Answer: Pumps are available in both submersible and external (out-of-pond models). Reputable water garden suppliers have charts and other information available that can help you select the best model and connecting equipment for your purposes. For the smaller pond, a submersible pump is the most economical.
Pumps are sized by gallons per hour (GPH) output at one foot of lift or height. Larger capacity pumps are rated by horsepower (hp). Manufacturers offer charts that break down the power of each size pump according to incremental heights of one foot. Some companies label pumps by GPH while others assign letter or number designations that require cross-referencing to charts.
It is recommended that the water in a basic pond be turned between ? to 1 times per hour. A 500-galon pond should have at least a 500 Gallon Per Hour pump. When sizing a pump for a pond there are a few other considerations. How high will the pump have to lift water? Will there be a waterfall, fountain or statuary? Will there be filters? All of these variables reduce the amount of flow, which could affect water quality and clarity.

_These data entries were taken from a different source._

section \<open>Diagrams given by matchings of labels\<close>

text \<open>Vertices named by labels: pos places the labels on the backbone, the arcs are the pairs
  of mates, and succ names the next vertex along the backbone. This turns the shadow conditions
  and the boundary permutation into computations on labels.\<close>

locale labelled_diagram =
  fixes N :: nat and L :: "'l set"
    and pos :: "'l \<Rightarrow> nat" and mate :: "'l \<Rightarrow> 'l" and succ :: "'l \<Rightarrow> 'l"
  assumes N_pos: "1 \<le> N"
    and pos_bij: "bij_betw pos L {1..N}"
    and mate_in: "l \<in> L \<Longrightarrow> mate l \<in> L"
    and mate_mate: "l \<in> L \<Longrightarrow> mate (mate l) = l"
    and mate_neq: "l \<in> L \<Longrightarrow> mate l \<noteq> l"
    and succ_in: "l \<in> L \<Longrightarrow> succ l \<in> L"
    and pos_succ: "l \<in> L \<Longrightarrow> pos (succ l) = backbone_perm N (pos l)"
begin

definition arcs :: "(nat \<times> nat) set" where
  "arcs = {(pos l, pos (mate l)) | l. l \<in> L \<and> pos l < pos (mate l)}"

lemma pos_in: "l \<in> L \<Longrightarrow> pos l \<in> {1..N}"
  by (rule bij_betw_apply[OF pos_bij])

lemma pos_eq_iff: "l \<in> L \<Longrightarrow> l' \<in> L \<Longrightarrow> pos l = pos l' \<longleftrightarrow> l = l'"
  using bij_betw_imp_inj_on[OF pos_bij] by (auto dest: inj_onD)

lemma pos_surj:
  assumes "v \<in> {1..N}"
  shows "\<exists>l\<in>L. pos l = v"
proof -
  have "v \<in> pos ` L" using assms bij_betw_imp_surj_on[OF pos_bij] by simp
  then show ?thesis by blast
qed

lemma arc_of_label:
  assumes l: "l \<in> L"
  shows "(pos l, pos (mate l)) \<in> arcs \<or> (pos (mate l), pos l) \<in> arcs"
proof -
  have "pos (mate l) \<noteq> pos l" using l mate_in mate_neq pos_eq_iff by blast
  then consider "pos l < pos (mate l)" | "pos (mate l) < pos (mate (mate l))"
    using mate_mate[OF l] by fastforce
  then show ?thesis
  proof cases
    case 1
    then show ?thesis using l unfolding arcs_def by blast
  next
    case 2
    then have "(pos (mate l), pos (mate (mate l))) \<in> arcs" using mate_in[OF l] unfolding arcs_def by blast
    then show ?thesis using mate_mate[OF l] by simp
  qed
qed

lemma arcs_diagram: "diagram1 N arcs"
proof -
  have "1 \<le> i \<and> i < j \<and> j \<le> N" if "(i,j) \<in> arcs" for i j
    using that pos_in mate_in unfolding arcs_def by fastforce
  moreover have "{fst a, snd a} \<inter> {fst b, snd b} = {}"
    if a: "a \<in> arcs" and b: "b \<in> arcs" and ab: "a \<noteq> b" for a b
  proof -
    obtain l where l: "l \<in> L" "pos l < pos (mate l)" "a = (pos l, pos (mate l))"
      using a unfolding arcs_def by blast
    obtain l' where l': "l' \<in> L" "pos l' < pos (mate l')" "b = (pos l', pos (mate l'))"
      using b unfolding arcs_def by blast
    have "l \<noteq> l'" using ab l l' by auto
    moreover have "l \<noteq> mate l'"
      using l l' mate_mate[OF l'(1)] by auto
    moreover have "mate l \<noteq> l'"
      using l l' mate_mate[OF l(1)] by auto
    moreover have "mate l \<noteq> mate l'"
      using \<open>l \<noteq> l'\<close> mate_mate[OF l(1)] mate_mate[OF l'(1)] by metis
    ultimately show ?thesis
      using l l' pos_eq_iff mate_in by auto
  qed
  ultimately show ?thesis using N_pos unfolding diagram1_def by blast
qed

lemma arcs_incident: "v \<in> {1..N} \<Longrightarrow> incident arcs v"
  using pos_surj arc_of_label unfolding incident_def by fastforce

lemma arc_perm_pos: "l \<in> L \<Longrightarrow> arc_perm arcs (pos l) = pos (mate l)"
  using arc_of_label arc_perm_arc[OF arcs_diagram] by blast

lemma boundary_perm_pos: "l \<in> L \<Longrightarrow> boundary_perm N arcs (pos l) = pos (succ (mate l))"
  by (simp add: boundary_perm_def arc_perm_pos pos_succ mate_in)

lemma card_arcs: "N = 2 * card arcs"
  using card_arcs_eq[OF arcs_diagram] arcs_incident by blast

lemma arcs_shadow:
  assumes crossing: "\<And>l. l \<in> L \<Longrightarrow> pos l < pos (mate l) \<Longrightarrow>
      \<exists>l'\<in>L. pos l' < pos (mate l') \<and> crosses (pos l, pos (mate l)) (pos l', pos (mate l'))"
    and no_stack: "\<And>l. l \<in> L \<Longrightarrow> pos l < pos (mate l) \<Longrightarrow> succ (mate (succ l)) \<noteq> mate l"
  shows "shadow1 N arcs"
proof -
  have "\<exists>b\<in>arcs. crosses a b" if "a \<in> arcs" for a
    using that crossing unfolding arcs_def by blast
  moreover have "(i + 1, j - 1) \<notin> arcs" if ij: "(i,j) \<in> arcs" for i j
  proof
    assume "(i + 1, j - 1) \<in> arcs"
    then obtain l' where l': "l' \<in> L" "i + 1 = pos l'" "j - 1 = pos (mate l')"
      unfolding arcs_def by blast
    obtain l where l: "l \<in> L" "pos l < pos (mate l)" "i = pos l" "j = pos (mate l)"
      using ij unfolding arcs_def by blast
    have "j \<le> N" using pos_in[OF mate_in[OF l(1)]] l(4) by simp
    have "pos (succ l) = pos l'"
      using pos_succ[OF l(1)] pos_in[OF l(1)] l(2,3,4) l'(2) \<open>j \<le> N\<close> by (simp add: backbone_perm_def)
    then have "succ l = l'" using pos_eq_iff succ_in l(1) l'(1) by blast
    have "pos (succ (mate l')) = pos (mate l)"
      using pos_succ[OF mate_in[OF l'(1)]] pos_in[OF mate_in[OF l'(1)]] l'(3) l(4) \<open>j \<le> N\<close>
      by (auto simp: backbone_perm_def)
    then have "succ (mate l') = mate l"
      using pos_eq_iff succ_in mate_in l(1) l'(1) by blast
    then show False using no_stack[OF l(1,2)] \<open>succ l = l'\<close> by simp
  qed
  ultimately show ?thesis
    unfolding shadow1_def using arcs_diagram arcs_incident by blast
qed

lemma card_boundary_orbit_3:
  assumes "l \<in> L" and "succ (mate (succ (mate (succ (mate l))))) = l" and "succ (mate l) \<noteq> l"
  shows "card (orbit (boundary_perm N arcs) (pos l)) = 3"
  using assms by (intro card_orbit_eq_3)
    (simp_all add: boundary_perm_pos mate_in succ_in pos_eq_iff)

end

section \<open>Shadows with the maximal number of arcs\<close>

text \<open>Labels of an explicit shadow of genus h \<ge> 1 with 6h - 3 + m arcs (m \<le> 1), in backbone
  order: Head 0..3, Extra 0 (only if m = 1), the blocks LBlock u 0..3 for u < h - 1, Mid 0..1,
  the blocks RBlock t 0..7 for t < h - 1, and Extra 1 (only if m = 1). The arcs join Head 0 with
  Head 3, Head (k + 1) with Mid k, Extra 0 with Extra 1, RBlock t 1 with RBlock t 5, RBlock t 3
  with RBlock t 7, and LBlock u 0..3 with the positions 2, 4, 6, 0 of the mirrored block
  RBlock (h - 2 - u).\<close>

datatype fam_label = Head nat | LBlock nat nat | Mid nat | RBlock nat nat | Extra nat

fun fam_valid :: "nat \<Rightarrow> nat \<Rightarrow> fam_label \<Rightarrow> bool" where
  "fam_valid m h (Head k) \<longleftrightarrow> k < 4"
| "fam_valid m h (LBlock u j) \<longleftrightarrow> u + 2 \<le> h \<and> j < 4"
| "fam_valid m h (Mid k) \<longleftrightarrow> k < 2"
| "fam_valid m h (RBlock t k) \<longleftrightarrow> t + 2 \<le> h \<and> k < 8"
| "fam_valid m h (Extra k) \<longleftrightarrow> m = 1 \<and> k < 2"

definition fam_size :: "nat \<Rightarrow> nat \<Rightarrow> nat" where
  "fam_size m h = 12 * h + 2 * m - 6"

fun fam_pos :: "nat \<Rightarrow> nat \<Rightarrow> fam_label \<Rightarrow> nat" where
  "fam_pos m h (Head k) = k + 1"
| "fam_pos m h (LBlock u j) = 5 + m + 4 * u + j"
| "fam_pos m h (Mid k) = 4 * h + 1 + m + k"
| "fam_pos m h (RBlock t k) = 4 * h + 3 + m + 8 * t + k"
| "fam_pos m h (Extra k) = (if k = 0 then 5 else fam_size m h)"

fun fam_mate :: "nat \<Rightarrow> fam_label \<Rightarrow> fam_label" where
  "fam_mate h (Head k) = (if k = 0 then Head 3 else if k = 3 then Head 0 else Mid (k - 1))"
| "fam_mate h (Mid k) = Head (k + 1)"
| "fam_mate h (LBlock u j) = RBlock (h - 2 - u) (if j = 3 then 0 else 2 * j + 2)"
| "fam_mate h (RBlock t k) =
    (if odd k then RBlock t (if k < 4 then k + 4 else k - 4)
     else LBlock (h - 2 - t) (if k = 0 then 3 else k div 2 - 1))"
| "fam_mate h (Extra k) = Extra (1 - k)"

To determine the pump required for your pond, estimate the vertical height from the top of your pump to the top of your waterfall or stream. Add another foot of height or lift for every 10 feet of hosing you will be using. This will allow for loss of volume from resistance within the hose. A general rule of thumb is to figure your stream/waterfall requirement as 150 gallons per hour per inch width of the spillway or channel. For example, if your stream or waterfall spillway will be 10 inches wide, you will need a pump that produces a flow of 1500 gallons per hour (at whatever combined height of the feature and another foot of height for every ten feet of hosing to get there). You can use a valve to adjust the pumps flow to what you want. You cannot increase the pumps capacity. Always purchase a pump that will more than handle your needs.